Este novo direito ao clima, só terá sucesso, se for acompanhado de uma nova forma de Governo e de atuação do Estado, assente em três eixos: uma governação integrada e inclusiva; uma governação com estruturas independentes e de elevada capacidade técnica, como terá que ser o CAC; e uma governação focada nos resultados, estabelecendo a necessária adequabilidade entre os outputs e os outcomes de cada decisão.
O primeiro desafio será a apresentação do primeiro Orçamento de Carbono, cuja proposta cabe ao Governo apresentar na Assembleia da República, após obtenção de parecer do CAC. Nos termos da lei, estes orçamentos são feitos para períodos de cinco anos e devem garantir o cumprimento das metas de redução das emissões de Gases com Efeito de Estufa (GEE), face aos valores de 2005, de 55% até 2030; de 65% a 75% até 2040 e de 90% até 2050. Este documento deve, ainda, estabelecer as necessárias obrigações de avaliação de impacto climático nas decisões setoriais e de implementação de políticas públicas.
Competirá, pois, ao novo Governo promover a constituição do CAC que se espera tecnicamente elevado e verdadeiramente independente, bem como, elaborar o primeiro Orçamento de Carbono que só será eficaz se comportar mecanismos de avaliação dos respetivos outcomes e realizar a política climática de forma integrada e inclusiva, nela cabendo todos os setores, sem dualismos entre público e privado, nela integrando os mais vulneráveis, combatendo a pobreza energética. Há que por termo à valorização mono-setorial das emissões e a um permanente incumprimento por parte do setor do Estado das medidas de eficiência energética nos edifícios, de uso de energia de origem não fóssil, de compras públicas verdes (…).
A lei de bases do Clima foi publicada em “silêncio” e sem “eco” no debate público, demasiado ocupado com as possíveis alianças pós-eleitorais. A verdade é que, o sucesso da sua execução é duplamente essencial, desde logo à desejada redução das emissões e combate climático, mas também, à construção de um novo modelo de prosperidade, uma económica descarbonizada e circular.
Os dados e os instrumentos estão lançados. Os cidadãos ganham um direito, cuja defesa passa a ser devidamente tutelada, mas ao qual correspondem obrigações.
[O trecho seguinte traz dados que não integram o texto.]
lemma sum_UNIV_bool_times: "(\<Sum>p\<in>UNIV \<times> A. h p) = (\<Sum>a\<in>A. h (False, a)) + (\<Sum>a\<in>A. h (True, a))"
proof -
  have "(\<Sum>p\<in>UNIV \<times> A. h p) = (\<Sum>c\<in>UNIV. \<Sum>a\<in>A. h (c, a))"
    by (simp add: sum.cartesian_product)
  then show ?thesis by (simp add: UNIV_bool add.commute)
qed

lemma product_decomposable_applyA:
  assumes "product_decomposable N \<Psi>"
  shows "product_decomposable (2 * N) (\<lambda>x y. applyA dA (U x) (\<Psi> x y))"
proof -
  obtain f g where fg: "\<And>x y a c b. \<Psi> x y (a, c, b) = (\<Sum>t<N. f t x (a, c) * g t y (c, b))"
    using assms unfolding product_decomposable_def by blast
  \<comment> \<open>term 2t + [c] of the new state is term t of the old one with the channel value fixed to c\<close>
  define f' where "f' t x p = (\<Sum>a'\<in>{0..<dA}. U x p (a', odd t) * f (t div 2) x (a', odd t))" for t x p
  define g' :: "nat \<Rightarrow> _ \<Rightarrow> bool \<times> nat \<Rightarrow> complex"
    where "g' t y q = g (t div 2) y (odd t, snd q)" for t y q
  have "applyA dA (U x) (\<Psi> x y) (a, c, b) = (\<Sum>t<2 * N. f' t x (a, c) * g' t y (c, b))" for x y a c b
  proof -
    have "applyA dA (U x) (\<Psi> x y) (a, c, b)
        = (\<Sum>t<N. \<Sum>p\<in>{0..<dA} \<times> UNIV. U x (a, c) p * f t x p * g t y (snd p, b))"
      by (simp add: applyA_def fg sum_distrib_left mult.assoc sum.swap[of _ _ "{..<N}"])
    also have "\<dots> = (\<Sum>t<N. f' (2 * t) x (a, c) * g' (2 * t) y (c, b)
                          + f' (2 * t + 1) x (a, c) * g' (2 * t + 1) y (c, b))"
      by (simp add: sum_times_UNIV_bool f'_def g'_def sum_distrib_right sum.distrib)
    finally show ?thesis by (simp add: sum_lessThan_double)
  qed
  then show ?thesis unfolding product_decomposable_def by blast
qed

lemma product_decomposable_applyB:
  assumes "product_decomposable N \<Psi>"
  shows "product_decomposable (2 * N) (\<lambda>x y. applyB dB (V y) (\<Psi> x y))"
proof -
  obtain f g where fg: "\<And>x y a q. \<Psi> x y (a, q) = (\<Sum>t<N. f t x (a, fst q) * g t y q)"
    using assms unfolding product_decomposable_def by fastforce
  define f' :: "nat \<Rightarrow> _ \<Rightarrow> nat \<times> bool \<Rightarrow> complex"
    where "f' t x p = f (t div 2) x (fst p, odd t)" for t x p
  define g' where "g' t y q = (\<Sum>b'\<in>{0..<dB}. V y q (odd t, b') * g (t div 2) y (odd t, b'))" for t y q
  have "applyB dB (V y) (\<Psi> x y) (a, c, b) = (\<Sum>t<2 * N. f' t x (a, c) * g' t y (c, b))" for x y a c b
  proof -
    have "applyB dB (V y) (\<Psi> x y) (a, c, b)
        = (\<Sum>t<N. \<Sum>q\<in>UNIV \<times> {0..<dB}. V y (c, b) q * f t x (a, fst q) * g t y q)"
      by (simp add: applyB_def fg sum_distrib_left mult.assoc sum.swap[of _ _ "{..<N}"])
    also have "\<dots> = (\<Sum>t<N. f' (2 * t) x (a, c) * g' (2 * t) y (c, b)
                          + f' (2 * t + 1) x (a, c) * g' (2 * t + 1) y (c, b))"
      by (simp add: sum_UNIV_bool_times f'_def g'_def sum_distrib_left sum.distrib algebra_simps)
    finally show ?thesis by (simp add: sum_lessThan_double)
  qed
  then show ?thesis unfolding product_decomposable_def by blast
qed

lemma product_decomposable_init_state: "product_decomposable 1 (\<lambda>x y. init_state)"
proof -
  define f :: "nat \<Rightarrow> 'x \<Rightarrow> nat \<times> bool \<Rightarrow> complex"
    where "f t x p = (if p = (0, False) then 1 else 0)" for t x p
  define g :: "nat \<Rightarrow> 'y \<Rightarrow> bool \<times> nat \<Rightarrow> complex"
    where "g t y q = (if snd q = 0 then 1 else 0)" for t y q
  have "init_state (a, c, b) = (\<Sum>t<1. f t x (a, c) * g t y (c, b))" for x y a c b
    by (simp add: init_state_def f_def g_def)
  then show ?thesis unfolding product_decomposable_def by blast
qed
O Estado ganha o papel fundamental de realização da política climática, ao lado das medidas de preservação da água, do solo, do ruído, dos ecossistemas, do ar, incumbe lhe preservar o equilíbrio climático. Para isso, tem que passar a ser integrativo nas suas decisões, capaz de promover, considerar e respeitar dados técnicos independentes e incorporar uma avaliação permanente de resultados.